Exercise details: Return a copy of every line in the records that includes the word "matrices".

==============================

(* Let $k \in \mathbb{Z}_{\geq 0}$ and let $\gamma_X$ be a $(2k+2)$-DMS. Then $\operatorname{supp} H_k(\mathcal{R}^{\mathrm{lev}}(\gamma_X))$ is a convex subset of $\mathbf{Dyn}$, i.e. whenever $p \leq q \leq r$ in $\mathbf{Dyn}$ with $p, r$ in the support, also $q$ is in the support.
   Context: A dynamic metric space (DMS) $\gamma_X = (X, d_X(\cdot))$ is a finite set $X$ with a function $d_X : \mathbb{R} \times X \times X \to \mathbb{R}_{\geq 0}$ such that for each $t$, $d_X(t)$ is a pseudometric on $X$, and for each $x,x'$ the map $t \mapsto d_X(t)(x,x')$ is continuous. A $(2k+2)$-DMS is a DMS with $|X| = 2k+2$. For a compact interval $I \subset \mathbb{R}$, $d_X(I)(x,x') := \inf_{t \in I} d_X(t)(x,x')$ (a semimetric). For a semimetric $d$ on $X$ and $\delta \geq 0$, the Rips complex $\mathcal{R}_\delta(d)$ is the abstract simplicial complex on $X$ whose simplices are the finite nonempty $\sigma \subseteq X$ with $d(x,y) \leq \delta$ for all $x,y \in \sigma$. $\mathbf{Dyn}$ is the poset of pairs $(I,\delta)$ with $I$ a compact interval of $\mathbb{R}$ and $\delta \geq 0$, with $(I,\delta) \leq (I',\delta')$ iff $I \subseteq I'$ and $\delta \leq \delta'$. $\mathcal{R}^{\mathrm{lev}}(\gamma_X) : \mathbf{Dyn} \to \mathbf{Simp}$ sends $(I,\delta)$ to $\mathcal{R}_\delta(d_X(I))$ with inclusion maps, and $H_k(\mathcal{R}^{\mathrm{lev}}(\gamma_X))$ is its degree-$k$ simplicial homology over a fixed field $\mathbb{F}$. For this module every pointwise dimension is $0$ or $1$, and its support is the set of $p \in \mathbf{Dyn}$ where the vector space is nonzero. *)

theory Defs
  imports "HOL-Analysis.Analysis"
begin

==============================

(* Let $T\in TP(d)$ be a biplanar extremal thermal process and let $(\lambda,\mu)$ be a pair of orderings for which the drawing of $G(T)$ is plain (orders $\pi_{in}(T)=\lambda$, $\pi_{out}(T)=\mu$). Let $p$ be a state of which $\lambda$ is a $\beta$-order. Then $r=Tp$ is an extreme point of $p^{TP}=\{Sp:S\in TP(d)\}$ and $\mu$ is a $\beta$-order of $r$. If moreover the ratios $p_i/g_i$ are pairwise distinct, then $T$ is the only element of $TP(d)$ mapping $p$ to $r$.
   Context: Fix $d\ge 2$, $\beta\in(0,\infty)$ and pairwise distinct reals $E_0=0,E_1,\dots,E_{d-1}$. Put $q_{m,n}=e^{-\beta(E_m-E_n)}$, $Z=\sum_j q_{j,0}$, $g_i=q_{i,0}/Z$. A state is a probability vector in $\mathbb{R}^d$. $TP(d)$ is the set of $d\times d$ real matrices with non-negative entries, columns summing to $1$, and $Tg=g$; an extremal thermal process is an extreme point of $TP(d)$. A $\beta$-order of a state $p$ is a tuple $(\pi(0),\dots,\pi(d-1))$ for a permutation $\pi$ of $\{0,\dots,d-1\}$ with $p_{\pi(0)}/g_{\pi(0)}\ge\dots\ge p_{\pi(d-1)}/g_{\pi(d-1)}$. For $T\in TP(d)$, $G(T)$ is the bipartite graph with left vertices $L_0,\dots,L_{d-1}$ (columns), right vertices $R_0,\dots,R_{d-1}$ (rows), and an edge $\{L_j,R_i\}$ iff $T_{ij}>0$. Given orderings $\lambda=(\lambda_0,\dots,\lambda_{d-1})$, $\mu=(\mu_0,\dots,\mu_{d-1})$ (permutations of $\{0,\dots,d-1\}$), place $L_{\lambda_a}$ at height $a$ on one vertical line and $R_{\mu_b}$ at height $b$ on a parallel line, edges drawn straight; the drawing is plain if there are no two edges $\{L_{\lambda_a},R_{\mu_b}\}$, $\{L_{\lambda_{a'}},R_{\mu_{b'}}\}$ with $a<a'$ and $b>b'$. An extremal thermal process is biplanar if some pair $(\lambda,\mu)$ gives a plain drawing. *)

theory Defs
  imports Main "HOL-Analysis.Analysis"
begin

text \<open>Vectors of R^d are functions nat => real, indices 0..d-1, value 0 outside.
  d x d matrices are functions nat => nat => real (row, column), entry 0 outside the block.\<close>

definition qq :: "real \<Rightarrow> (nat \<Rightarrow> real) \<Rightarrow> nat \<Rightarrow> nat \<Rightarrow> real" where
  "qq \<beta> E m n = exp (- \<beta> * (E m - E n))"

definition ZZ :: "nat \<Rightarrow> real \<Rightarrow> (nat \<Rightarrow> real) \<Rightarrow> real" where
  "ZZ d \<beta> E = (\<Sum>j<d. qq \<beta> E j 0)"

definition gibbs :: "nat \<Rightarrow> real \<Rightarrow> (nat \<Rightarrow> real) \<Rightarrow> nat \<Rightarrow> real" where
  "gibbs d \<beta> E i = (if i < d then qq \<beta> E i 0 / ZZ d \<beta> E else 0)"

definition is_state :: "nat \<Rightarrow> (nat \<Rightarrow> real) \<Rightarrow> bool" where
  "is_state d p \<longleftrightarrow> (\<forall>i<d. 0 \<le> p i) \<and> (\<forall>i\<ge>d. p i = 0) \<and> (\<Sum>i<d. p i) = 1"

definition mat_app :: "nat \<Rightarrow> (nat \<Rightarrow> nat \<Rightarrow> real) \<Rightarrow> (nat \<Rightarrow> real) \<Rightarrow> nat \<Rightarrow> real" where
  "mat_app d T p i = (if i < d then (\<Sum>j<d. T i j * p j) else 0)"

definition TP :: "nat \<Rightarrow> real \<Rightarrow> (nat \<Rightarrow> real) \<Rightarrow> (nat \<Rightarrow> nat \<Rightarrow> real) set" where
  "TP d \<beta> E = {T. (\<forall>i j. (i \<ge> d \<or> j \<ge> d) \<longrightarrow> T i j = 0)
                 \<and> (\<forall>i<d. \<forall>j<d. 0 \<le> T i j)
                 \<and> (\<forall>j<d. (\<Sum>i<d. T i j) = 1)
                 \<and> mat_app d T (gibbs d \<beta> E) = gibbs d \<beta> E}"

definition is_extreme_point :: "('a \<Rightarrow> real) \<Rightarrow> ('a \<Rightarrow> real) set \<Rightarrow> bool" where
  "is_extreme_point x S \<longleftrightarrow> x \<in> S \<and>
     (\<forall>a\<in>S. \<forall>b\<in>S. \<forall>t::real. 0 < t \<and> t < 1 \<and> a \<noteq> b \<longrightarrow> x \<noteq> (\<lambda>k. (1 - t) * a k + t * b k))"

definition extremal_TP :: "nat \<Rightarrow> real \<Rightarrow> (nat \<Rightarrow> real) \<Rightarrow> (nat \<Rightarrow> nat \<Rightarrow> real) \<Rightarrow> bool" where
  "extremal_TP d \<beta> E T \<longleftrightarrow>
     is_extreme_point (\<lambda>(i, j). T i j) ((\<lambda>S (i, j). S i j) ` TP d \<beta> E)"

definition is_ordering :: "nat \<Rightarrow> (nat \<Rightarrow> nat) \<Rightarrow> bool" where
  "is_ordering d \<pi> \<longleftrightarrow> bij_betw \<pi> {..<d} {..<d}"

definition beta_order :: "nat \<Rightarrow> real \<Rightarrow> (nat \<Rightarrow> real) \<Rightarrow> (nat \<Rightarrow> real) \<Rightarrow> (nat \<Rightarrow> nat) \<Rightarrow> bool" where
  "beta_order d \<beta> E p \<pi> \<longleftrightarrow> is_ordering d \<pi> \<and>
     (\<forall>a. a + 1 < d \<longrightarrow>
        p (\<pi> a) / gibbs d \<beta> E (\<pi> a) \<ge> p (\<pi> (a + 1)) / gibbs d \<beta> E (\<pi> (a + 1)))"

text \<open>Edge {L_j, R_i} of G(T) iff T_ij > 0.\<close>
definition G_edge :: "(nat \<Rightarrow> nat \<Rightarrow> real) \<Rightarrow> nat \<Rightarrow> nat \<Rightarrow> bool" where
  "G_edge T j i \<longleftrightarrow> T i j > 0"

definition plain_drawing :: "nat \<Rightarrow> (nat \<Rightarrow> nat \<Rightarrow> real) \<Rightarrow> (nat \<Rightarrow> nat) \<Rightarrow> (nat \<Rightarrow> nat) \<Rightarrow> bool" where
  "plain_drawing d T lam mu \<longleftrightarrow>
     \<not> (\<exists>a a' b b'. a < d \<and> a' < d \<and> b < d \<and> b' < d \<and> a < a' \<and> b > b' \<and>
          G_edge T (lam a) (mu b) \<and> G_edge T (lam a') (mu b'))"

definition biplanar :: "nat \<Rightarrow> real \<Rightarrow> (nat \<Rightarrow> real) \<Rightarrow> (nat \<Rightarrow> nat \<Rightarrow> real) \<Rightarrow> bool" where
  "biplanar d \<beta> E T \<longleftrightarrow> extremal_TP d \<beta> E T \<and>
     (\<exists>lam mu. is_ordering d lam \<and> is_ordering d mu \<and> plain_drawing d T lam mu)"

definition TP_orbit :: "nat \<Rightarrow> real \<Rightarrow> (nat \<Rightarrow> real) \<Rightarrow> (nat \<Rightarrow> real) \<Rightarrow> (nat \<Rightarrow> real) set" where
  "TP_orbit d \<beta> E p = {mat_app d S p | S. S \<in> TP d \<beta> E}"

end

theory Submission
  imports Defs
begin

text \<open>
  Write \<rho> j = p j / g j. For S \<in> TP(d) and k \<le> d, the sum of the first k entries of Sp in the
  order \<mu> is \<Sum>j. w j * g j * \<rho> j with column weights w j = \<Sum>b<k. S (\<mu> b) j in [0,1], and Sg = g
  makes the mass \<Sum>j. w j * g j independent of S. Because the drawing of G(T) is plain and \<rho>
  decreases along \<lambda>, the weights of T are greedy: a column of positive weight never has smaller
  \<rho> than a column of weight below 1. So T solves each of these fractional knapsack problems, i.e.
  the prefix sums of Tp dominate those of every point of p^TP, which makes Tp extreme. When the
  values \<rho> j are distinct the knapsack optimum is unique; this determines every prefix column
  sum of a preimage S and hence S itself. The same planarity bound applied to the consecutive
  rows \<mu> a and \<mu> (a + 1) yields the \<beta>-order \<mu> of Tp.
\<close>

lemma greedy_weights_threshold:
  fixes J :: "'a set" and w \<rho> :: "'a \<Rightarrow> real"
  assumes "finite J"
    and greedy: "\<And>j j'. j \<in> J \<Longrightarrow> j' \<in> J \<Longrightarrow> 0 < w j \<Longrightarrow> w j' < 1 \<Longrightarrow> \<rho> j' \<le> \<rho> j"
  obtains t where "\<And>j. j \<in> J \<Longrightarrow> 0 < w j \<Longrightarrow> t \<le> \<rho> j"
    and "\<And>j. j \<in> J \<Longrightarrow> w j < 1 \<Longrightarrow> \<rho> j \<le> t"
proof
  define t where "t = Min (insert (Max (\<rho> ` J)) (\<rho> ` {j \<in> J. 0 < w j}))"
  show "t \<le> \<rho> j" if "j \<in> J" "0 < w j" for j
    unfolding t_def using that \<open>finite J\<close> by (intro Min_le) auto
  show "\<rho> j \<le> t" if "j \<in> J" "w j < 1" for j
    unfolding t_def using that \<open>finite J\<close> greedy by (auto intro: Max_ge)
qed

==============================

Result of this exercise:
   Context: Fix $d\ge 2$, $\beta\in(0,\infty)$ and pairwise distinct reals $E_0=0,E_1,\dots,E_{d-1}$. Put $q_{m,n}=e^{-\beta(E_m-E_n)}$, $Z=\sum_j q_{j,0}$, $g_i=q_{i,0}/Z$. A state is a probability vector in $\mathbb{R}^d$. $TP(d)$ is the set of $d\times d$ real matrices with non-negative entries, columns summing to $1$, and $Tg=g$; an extremal thermal process is an extreme point of $TP(d)$. A $\beta$-order of a state $p$ is a tuple $(\pi(0),\dots,\pi(d-1))$ for a permutation $\pi$ of $\{0,\dots,d-1\}$ with $p_{\pi(0)}/g_{\pi(0)}\ge\dots\ge p_{\pi(d-1)}/g_{\pi(d-1)}$. For $T\in TP(d)$, $G(T)$ is the bipartite graph with left vertices $L_0,\dots,L_{d-1}$ (columns), right vertices $R_0,\dots,R_{d-1}$ (rows), and an edge $\{L_j,R_i\}$ iff $T_{ij}>0$. Given orderings $\lambda=(\lambda_0,\dots,\lambda_{d-1})$, $\mu=(\mu_0,\dots,\mu_{d-1})$ (permutations of $\{0,\dots,d-1\}$), place $L_{\lambda_a}$ at height $a$ on one vertical line and $R_{\mu_b}$ at height $b$ on a parallel line, edges drawn straight; the drawing is plain if there are no two edges $\{L_{\lambda_a},R_{\mu_b}\}$, $\{L_{\lambda_{a'}},R_{\mu_{b'}}\}$ with $a<a'$ and $b>b'$. An extremal thermal process is biplanar if some pair $(\lambda,\mu)$ gives a plain drawing. *)
  d x d matrices are functions nat => nat => real (row, column), entry 0 outside the block.\<close>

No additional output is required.